Face à Uber, les chauffeurs savoyards seuls contre la loi du plus fort

Le 23 avril 2025, des chauffeurs de taxi et de VTC savoyards ont déposé une plainte pénale contre Uber France pour concurrence déloyale et violation des règles du transport de personnes. Cette action judiciaire, déposée devant le procureur de la République d’Albertville, dépasse le cadre corporatiste : elle interroge le rôle des institutions, le respect du droit, et la volonté réelle de l’État et des collectivités d’encadrer les plateformes numériques.
Les taxis contre Uber : une plainte inédite qui secoue la Savoie
Le cœur de l'accusation ? La présence massive de chauffeurs VTC franciliens, qui, profitant de la haute saison touristique, stationnent en Savoie sans respecter l'obligation légale de retour à la base après chaque course. Ces pratiques, assimilées à de la maraude interdite, conduisent à une perte drastique d'activité pour les transporteurs locaux, exacerbant précarité et tensions.
La situation a dégénéré physiquement : le 11 février 2025, plusieurs véhicules Uber ont été incendiés à Moûtiers et Salins-Fontaine, dans un contexte d’exaspération extrême. L’auteur présumé, Sébastien Dumarais, président de la chambre syndicale des artisans taxis de Savoie, a reconnu les faits devant la justice.
Des élus interpellés, des institutions silencieuses
Derrière la plainte, il y a des acteurs locaux abandonnés, livrés à une précarité imposée par des chauffeurs Uber venus d’Île-de-France qui opèrent en Savoie hors de tout cadre légal. « Aujourd’hui, on a un marché qui est totalement dérégulé », alerte Sébastien Dumarais, président de la chambre syndicale des artisans taxis.
Pourtant, du côté des élus, c’est le silence radio. À ce jour, aucun parlementaire savoyard — ni député, ni sénateur — n’a publiquement pris position sur ce conflit, malgré l’ampleur des enjeux économiques et sociaux. Les professionnels du secteur dénoncent une absence de relais politique, alors même que la plainte vise également à « sensibiliser les acteurs locaux à l’urgence de la situation », comme l’explique l’avocat Me Jonathan Bellaiche.
Le préfet de la Savoie saisit le sujet
Seul représentant de l’État à s’être exprimé publiquement, le préfet de la Savoie, François Ravier, a publié le 14 février 2025 un communiqué officiel dans lequel il rappelle fermement les obligations légales des chauffeurs VTC : réservation obligatoire, interdiction de maraude, retour à la base après chaque course.
Il y annonce aussi le renforcement des contrôles, avec 31 opérations ciblées depuis le début de la saison hivernale et 70 infractions constatées, dont des absences de carte professionnelle, des défauts d’assurance et de marquage réglementaire.

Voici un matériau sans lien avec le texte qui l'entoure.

lemma negative_moment_ge:
  fixes k :: nat
  assumes "1 \<le> k"
  shows "ennreal (k powr (k / \<theta>) * exp (- C\<^sub>1 * k)) \<le> \<eta> k"
proof -
  define \<epsilon> where "\<epsilon> = k powr (- 1 / \<theta>)"
  have \<epsilon>: "0 < \<epsilon>" "\<epsilon> \<le> 1" "\<epsilon> powr - \<theta> = k"
    using assms theta_pos powr_mono[of "- 1 / \<theta>" 0 k] by (auto simp: \<epsilon>_def powr_powr)
  have "inverse \<epsilon> = k powr (1 / \<theta>)"
    using assms by (simp add: \<epsilon>_def powr_minus_divide powr_minus)
  then have "inverse \<epsilon> ^ k = k powr (k / \<theta>)"
    using assms by (simp add: powr_powr flip: powr_realpow)
  have "ennreal (k powr (k / \<theta>) * exp (- C\<^sub>1 * k))
      \<le> ennreal (inverse \<epsilon> ^ k * prob {\<omega>\<in>space M. X \<omega> \<le> \<epsilon>})"
    using small_ball_lower[OF \<epsilon>(1,2)] \<epsilon> \<open>inverse \<epsilon> ^ k = _\<close>
    by (intro ennreal_leI) (auto intro!: mult_left_mono)
  also have "\<dots> \<le> \<eta> k"
    using inverse_power_mult_emeasure_le_nn_integral[of M X \<epsilon> k] \<epsilon>(1)
    by (simp add: emeasure_eq_measure ennreal_mult)
  finally show ?thesis .
qed

lemma negative_moment_le:
  obtains D :: real where "\<And>k. 1 \<le> k \<Longrightarrow> \<eta> k \<le> ennreal (k powr (k / \<theta>) * exp (D * k))"
proof -
  define c where "c = C\<^sub>2 / 2"
  have c: "0 < c" "c < C\<^sub>2" using C\<^sub>2_pos by (simp_all add: c_def)
  define K where "K = enn2real (\<integral>\<^sup>+ \<omega>. ennreal (exp (c * inverse (X \<omega>) powr \<theta>)) \<partial>M)"
  have K: "(\<integral>\<^sup>+ \<omega>. ennreal (exp (c * inverse (X \<omega>) powr \<theta>)) \<partial>M) = ennreal K"
    "0 \<le> K" using exp_moment_finite[of c] c by (simp_all add: K_def less_top ennreal_enn2real_if)
  show thesis
  proof (rule that[of "\<bar>ln (c * \<theta>)\<bar> / \<theta> + K"])
    fix k :: nat assume "1 \<le> k"
    have "\<eta> k \<le> ennreal ((k / (c * \<theta>)) powr (k / \<theta>) * K)"
      using nn_integral_inverse_power_le[OF measurable_X AE_pos, of k c \<theta>]
        \<open>1 \<le> k\<close> c theta_pos K
      by (simp add: ennreal_mult)
    also have "\<dots> \<le> ennreal (k powr (k / \<theta>) * exp ((\<bar>ln (c * \<theta>)\<bar> / \<theta> + K) * k))"
      using \<open>1 \<le> k\<close> c theta_pos K
      by (intro ennreal_leI powr_divide_mult_le_powr_mult_exp) simp_all
    finally show "\<eta> k \<le> ennreal (k powr (k / \<theta>) * exp ((\<bar>ln (c * \<theta>)\<bar> / \<theta> + K) * k))" .
  qed
qed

Des procédures judiciaires ont été ouvertes, mais aucune mesure politique d’ampleur n’a suivi.
Suffisant ? Certainement pas pour les professionnels du terrain, qui dénoncent une tolérance implicite de la part des institutions vis-à-vis des pratiques des plateformes numériques, en contradiction flagrante avec la loi en vigueur.
Une affaire politique, pas simplement judiciaire
Les griefs formulés par l’Association des Transporteurs Savoyards de Personnes, partie civile dans la plainte, vont bien au-delà du seul différend commercial. Ce qu’ils dénoncent, c’est un abandon des territoires périphériques par les autorités centrales, une gestion à géométrie variable du droit et une politique publique aveugle aux effets collatéraux de l’uberisation.
Le silence d’Uber France, qui n’a pas répondu aux sollicitations des médias, est jugé comme une preuve de mépris supplémentaire. « Ce sont des familles détruites et plus largement toute une région », martèle Me Bellaiche. Cette situation pose une question simple mais importante : quand les règles sont claires, pourquoi ne sont-elles pas appliquées ?
Responsabilités locales, fractures nationales
Les acteurs savoyards le répètent : le droit existe, les infractions sont connues, les contrôles sont possibles. Ce qu’il manque, ce sont des décisions politiques claires. À l’heure où les plateformes numériques cherchent à se normaliser dans le débat public, cette affaire fait figure de test grandeur nature pour la puissance publique.
Laisser perdurer ces pratiques revient à valider par l’inaction une économie parallèle, au détriment des professions régulées, des collectivités locales et des usagers eux-mêmes. À défaut d’une réaction rapide, la Savoie pourrait bien devenir le laboratoire de l’abandon institutionnel, où des chauffeurs de VTC locaux, pourtant en règle, sont poussés à l’extrême pendant que les multinationales contournent les lois sans conséquences.